lemma lipschitz_on_lipA:
  fixes h :: "'s::metric_space \<Rightarrow> 'a \<Rightarrow> real"
  assumes "lipA A h < \<infinity>" "a \<in> A"
  shows "(enn2real (lipA A h))-lipschitz_on UNIV (\<lambda>s. h s a)"
proof (rule lipschitz_onI)
  fix x y :: 's
  show "dist (h x a) (h y a) \<le> enn2real (lipA A h) * dist x y"
  proof (cases "x = y")
    case False
    then have "ennreal (\<bar>h x a - h y a\<bar> / dist x y) \<le> lipA A h"
      unfolding lipA_def by (intro SUP_upper2[OF assms(2)] SUP_upper2[where i="(x, y)"]) auto
    then have "enn2real (ennreal (\<bar>h x a - h y a\<bar> / dist x y)) \<le> enn2real (lipA A h)"
      using assms(1) by (intro enn2real_mono) auto
    then have "\<bar>h x a - h y a\<bar> / dist x y \<le> enn2real (lipA A h)" by simp
    then show ?thesis using False by (simp add: divide_le_eq dist_real_def)
  qed simp
qed simp

lemma wasserstein1_le_lipW:
  assumes "a \<in> A" "x \<noteq> y"
  shows "wasserstein1 (T x a) (T y a) \<le> lipW A T * ennreal (dist x y)"
proof -
  have "wasserstein1 (T x a) (T y a) / ennreal (dist x y) \<le> lipW A T"
    unfolding lipW_def by (intro SUP_upper2[OF assms(1)] SUP_upper2[where i="(x, y)"]) (use assms in auto)
  then have "wasserstein1 (T x a) (T y a) / ennreal (dist x y) * ennreal (dist x y)
      \<le> lipW A T * ennreal (dist x y)"
    by (rule mult_right_mono) simp
  then show ?thesis using assms(2) by (simp add: ennreal_divide_times)
qed

lemma max_op_le_shift:
  assumes "finite A" "A \<noteq> {}" "\<And>a. a \<in> A \<Longrightarrow> x a \<le> y a + e"
  shows "max_op A x \<le> max_op A y + e"
proof -
  have "Max (x ` A) \<in> x ` A" using assms(1,2) by (intro Max_in) auto
  then obtain a where a: "a \<in> A" "max_op A x = x a" unfolding max_op_def by auto
  have "y a \<le> max_op A y" unfolding max_op_def using a assms(1) by (intro Max_ge) auto
  then show ?thesis using a assms(3)[of a] by simp
qed

lemma mean_op_le_shift:
  assumes "finite A" "A \<noteq> {}" "\<And>a. a \<in> A \<Longrightarrow> x a \<le> y a + e"
  shows "mean_op A x \<le> mean_op A y + e"
proof -
  have "(\<Sum>a\<in>A. x a) \<le> (\<Sum>a\<in>A. y a) + real (card A) * e"
    using sum_mono[of A x "\<lambda>a. y a + e"] assms(3) by (simp add: sum.distrib)
  moreover have "real (card A) > 0" using assms(1,2) by (simp add: card_gt_0_iff)
  ultimately show ?thesis unfolding mean_op_def by (simp add: field_simps)
qed

lemma eps_greedy_op_le_shift:
  assumes "finite A" "A \<noteq> {}" "0 \<le> \<epsilon>" "\<epsilon> \<le> 1" "\<And>a. a \<in> A \<Longrightarrow> x a \<le> y a + e"
  shows "eps_greedy_op \<epsilon> A x \<le> eps_greedy_op \<epsilon> A y + e"
proof -
  have "(1 - \<epsilon>) * max_op A x \<le> (1 - \<epsilon>) * (max_op A y + e)"
    using assms by (intro mult_left_mono max_op_le_shift) auto
  moreover have "\<epsilon> * mean_op A x \<le> \<epsilon> * (mean_op A y + e)"
    using assms by (intro mult_left_mono mean_op_le_shift) auto
  ultimately show ?thesis unfolding eps_greedy_op_def by (simp add: algebra_simps)
qed

lemma mellowmax_op_le_shift:
  assumes "finite A" "A \<noteq> {}" "0 < \<beta>" "\<And>a. a \<in> A \<Longrightarrow> x a \<le> y a + e"
  shows "mellowmax_op \<beta> A x \<le> mellowmax_op \<beta> A y + e"
proof -
  define S where "S z = (\<Sum>a\<in>A. exp (\<beta> * z a)) / real (card A)" for z :: "'a \<Rightarrow> real"
  have S_pos: "S z > 0" for z
    unfolding S_def using assms(1,2) by (intro divide_pos_pos sum_pos) (auto simp: card_gt_0_iff)
  have "(\<Sum>a\<in>A. exp (\<beta> * x a)) \<le> (\<Sum>a\<in>A. exp (\<beta> * e) * exp (\<beta> * y a))"
  proof (rule sum_mono)
    fix a assume "a \<in> A"
    then have "\<beta> * x a \<le> \<beta> * e + \<beta> * y a"
      using assms(3,4) by (simp add: distrib_left[symmetric] add.commute)
    then show "exp (\<beta> * x a) \<le> exp (\<beta> * e) * exp (\<beta> * y a)" by (simp add: exp_add[symmetric])
  qed
  then have "S x \<le> exp (\<beta> * e) * S y"
    unfolding S_def by (simp add: sum_distrib_left[symmetric] divide_right_mono)
  then have "ln (S x) \<le> ln (exp (\<beta> * e) * S y)" using S_pos by simp
  also have "\<dots> = \<beta> * e + ln (S y)" using S_pos[of y] by (simp add: ln_mult)
  finally show ?thesis unfolding mellowmax_op_def S_def[symmetric] using assms(3)
    by (simp add: field_simps)
qed

lemma backup_op_le_shift:
  assumes "finite A" "A \<noteq> {}" "f \<in> backup_ops A" "\<And>a. a \<in> A \<Longrightarrow> x a \<le> y a + e"
  shows "f x \<le> f y + e"
proof -
  consider "f = max_op A" | "f = mean_op A" | \<epsilon> where "f = eps_greedy_op \<epsilon> A" "0 \<le> \<epsilon>" "\<epsilon> \<le> 1"
    | \<beta> where "f = mellowmax_op \<beta> A" "0 < \<beta>"
    using assms(3) unfolding backup_ops_def by blast
  then show ?thesis
    by cases (auto intro!: max_op_le_shift mean_op_le_shift eps_greedy_op_le_shift
        mellowmax_op_le_shift assms(1,2,4))
qed

lemma lipschitz_on_backup_op:
  assumes "finite A" "A \<noteq> {}" "f \<in> backup_ops A"
    and "\<And>a. a \<in> A \<Longrightarrow> L-lipschitz_on U (\<lambda>s. Q s a)"
  shows "L-lipschitz_on U (\<lambda>s. f (Q s))"
proof (rule lipschitz_onI)
  fix x y assume "x \<in> U" "y \<in> U"
  then have "\<bar>Q x a - Q y a\<bar> \<le> L * dist x y" if "a \<in> A" for a
    using lipschitz_onD[OF assms(4)[OF that]] by (simp add: dist_real_def)
  then have "f (Q x) \<le> f (Q y) + L * dist x y" "f (Q y) \<le> f (Q x) + L * dist x y"
    by (intro backup_op_le_shift[OF assms(1-3)]; force simp: abs_le_iff)+
  then show "dist (f (Q x)) (f (Q y)) \<le> L * dist x y" by (simp add: dist_real_def abs_le_iff)
next
  show "0 \<le> L" using assms(2,4) lipschitz_on_nonneg by blast
qed

lemma integrable_iff_abs_diff_le:
  fixes u v :: "'a \<Rightarrow> real"
  assumes d: "integrable M d" and u: "u \<in> borel_measurable M" and v: "v \<in> borel_measurable M"
    and diff: "\<And>x. \<bar>u x - v x\<bar> \<le> d x"
  shows "integrable M u \<longleftrightarrow> integrable M v"
proof -
  have *: "integrable M w'"
    if "integrable M w" "w' \<in> borel_measurable M" "\<And>x. \<bar>w x - w' x\<bar> \<le> d x" for w w'
  proof (rule Bochner_Integration.integrable_bound[where f="\<lambda>x. \<bar>w x\<bar> + d x"])
    show "integrable M (\<lambda>x. \<bar>w x\<bar> + d x)" using that(1) d by simp
    show "AE x in M. norm (w' x) \<le> norm (\<bar>w x\<bar> + d x)"
      using that(3) by (intro AE_I2) (smt (verit) real_norm_def)
  qed fact
  show ?thesis
    using *[OF _ v diff] *[OF _ u, of v] diff by (auto simp: abs_minus_commute)
qed

lemma integral_diff_le_coupling:
  fixes g :: "'s::metric_space \<Rightarrow> real"
  assumes g: "L-lipschitz_on UNIV g" and \<pi>: "\<pi> \<in> couplings \<mu> \<nu>"
    and cost: "(\<integral>\<^sup>+p. ennreal (dist (fst p) (snd p)) \<partial>\<pi>) \<le> ennreal C" and "0 \<le> C"
  shows "\<bar>integral\<^sup>L \<mu> g - integral\<^sup>L \<nu> g\<bar> \<le> L * C"
proof -
  have sets_\<pi>: "sets \<pi> = sets (borel :: ('s \<times> 's) measure)"
    and \<mu>: "\<mu> = distr \<pi> borel fst" and \<nu>: "\<nu> = distr \<pi> borel snd"
    using \<pi> unfolding couplings_def by auto
  note measurable_\<pi> = measurable_cong_sets[OF sets_\<pi> refl]
  have L: "0 \<le> L" and g_diff: "\<bar>g x - g y\<bar> \<le> L * dist x y" for x y
    using lipschitz_on_nonneg[OF g] lipschitz_onD[OF g] by (auto simp: dist_real_def)
  have g_meas: "g \<in> borel_measurable borel"
    using lipschitz_on_continuous_on[OF g] by (rule borel_measurable_continuous_onI)
  have fst_meas: "fst \<in> \<pi> \<rightarrow>\<^sub>M (borel :: 's measure)" and snd_meas: "snd \<in> \<pi> \<rightarrow>\<^sub>M (borel :: 's measure)"
    and dist_meas: "(\<lambda>p. dist (fst p) (snd p)) \<in> borel_measurable \<pi>"
    unfolding measurable_\<pi> by (intro borel_measurable_continuous_onI continuous_intros)+
  have dist_int: "integrable \<pi> (\<lambda>p. dist (fst p) (snd p))"
    using dist_meas le_less_trans[OF cost ennreal_less_top] by (intro integrableI_bounded) auto
  have dist_le: "(\<integral>p. dist (fst p) (snd p) \<partial>\<pi>) \<le> C"
    using cost \<open>0 \<le> C\<close> dist_meas by (subst integral_eq_nn_integral) (auto intro: enn2real_leI)
  have \<mu>_int: "integral\<^sup>L \<mu> g = (\<integral>p. g (fst p) \<partial>\<pi>)" unfolding \<mu> by (rule integral_distr[OF fst_meas g_meas])
  have \<nu>_int: "integral\<^sup>L \<nu> g = (\<integral>p. g (snd p) \<partial>\<pi>)" unfolding \<nu> by (rule integral_distr[OF snd_meas g_meas])
  have g_fst_meas: "(\<lambda>p. g (fst p)) \<in> borel_measurable \<pi>"
    and g_snd_meas: "(\<lambda>p. g (snd p)) \<in> borel_measurable \<pi>"
    using g_meas fst_meas snd_meas by measurable
  have integrable_iff: "integrable \<pi> (\<lambda>p. g (fst p)) \<longleftrightarrow> integrable \<pi> (\<lambda>p. g (snd p))"
    using g_fst_meas g_snd_meas g_diff
    by (intro integrable_iff_abs_diff_le[OF integrable_mult_right[OF dist_int, of L]]) auto
  show ?thesis
  proof (cases "integrable \<pi> (\<lambda>p. g (fst p))")
    case True
    then have "\<bar>integral\<^sup>L \<mu> g - integral\<^sup>L \<nu> g\<bar> = \<bar>\<integral>p. g (fst p) - g (snd p) \<partial>\<pi>\<bar>"
      using integrable_iff by (simp add: \<mu>_int \<nu>_int)
    also have "\<dots> \<le> (\<integral>p. \<bar>g (fst p) - g (snd p)\<bar> \<partial>\<pi>)" by (rule integral_abs_bound)
    also have "\<dots> \<le> (\<integral>p. L * dist (fst p) (snd p) \<partial>\<pi>)"
      using True integrable_iff dist_int g_diff by (intro integral_mono) auto
    also have "\<dots> \<le> L * C" using dist_le L by (simp add: mult_left_mono)
    finally show ?thesis .
  next
    case False
    \<comment> \<open>Bochner integrals of non-integrable functions are 0 by convention.\<close>
    then show ?thesis
      using integrable_iff L \<open>0 \<le> C\<close> by (simp add: \<mu>_int \<nu>_int not_integrable_integral_eq)
  qed
qed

* * * * *

The problem:
Bring together every line in the entries that holds the string "lambda".

Solution to this task:
  shows "(enn2real (lipA A h))-lipschitz_on UNIV (\<lambda>s. h s a)"
    using sum_mono[of A x "\<lambda>a. y a + e"] assms(3) by (simp add: sum.distrib)
    and "\<And>a. a \<in> A \<Longrightarrow> L-lipschitz_on U (\<lambda>s. Q s a)"
  shows "L-lipschitz_on U (\<lambda>s. f (Q s))"
  proof (rule Bochner_Integration.integrable_bound[where f="\<lambda>x. \<bar>w x\<bar> + d x"])
    show "integrable M (\<lambda>x. \<bar>w x\<bar> + d x)" using that(1) d by simp
    and dist_meas: "(\<lambda>p. dist (fst p) (snd p)) \<in> borel_measurable \<pi>"
  have dist_int: "integrable \<pi> (\<lambda>p. dist (fst p) (snd p))"
  have g_fst_meas: "(\<lambda>p. g (fst p)) \<in> borel_measurable \<pi>"
    and g_snd_meas: "(\<lambda>p. g (snd p)) \<in> borel_measurable \<pi>"
  have integrable_iff: "integrable \<pi> (\<lambda>p. g (fst p)) \<longleftrightarrow> integrable \<pi> (\<lambda>p. g (snd p))"
  proof (cases "integrable \<pi> (\<lambda>p. g (fst p))")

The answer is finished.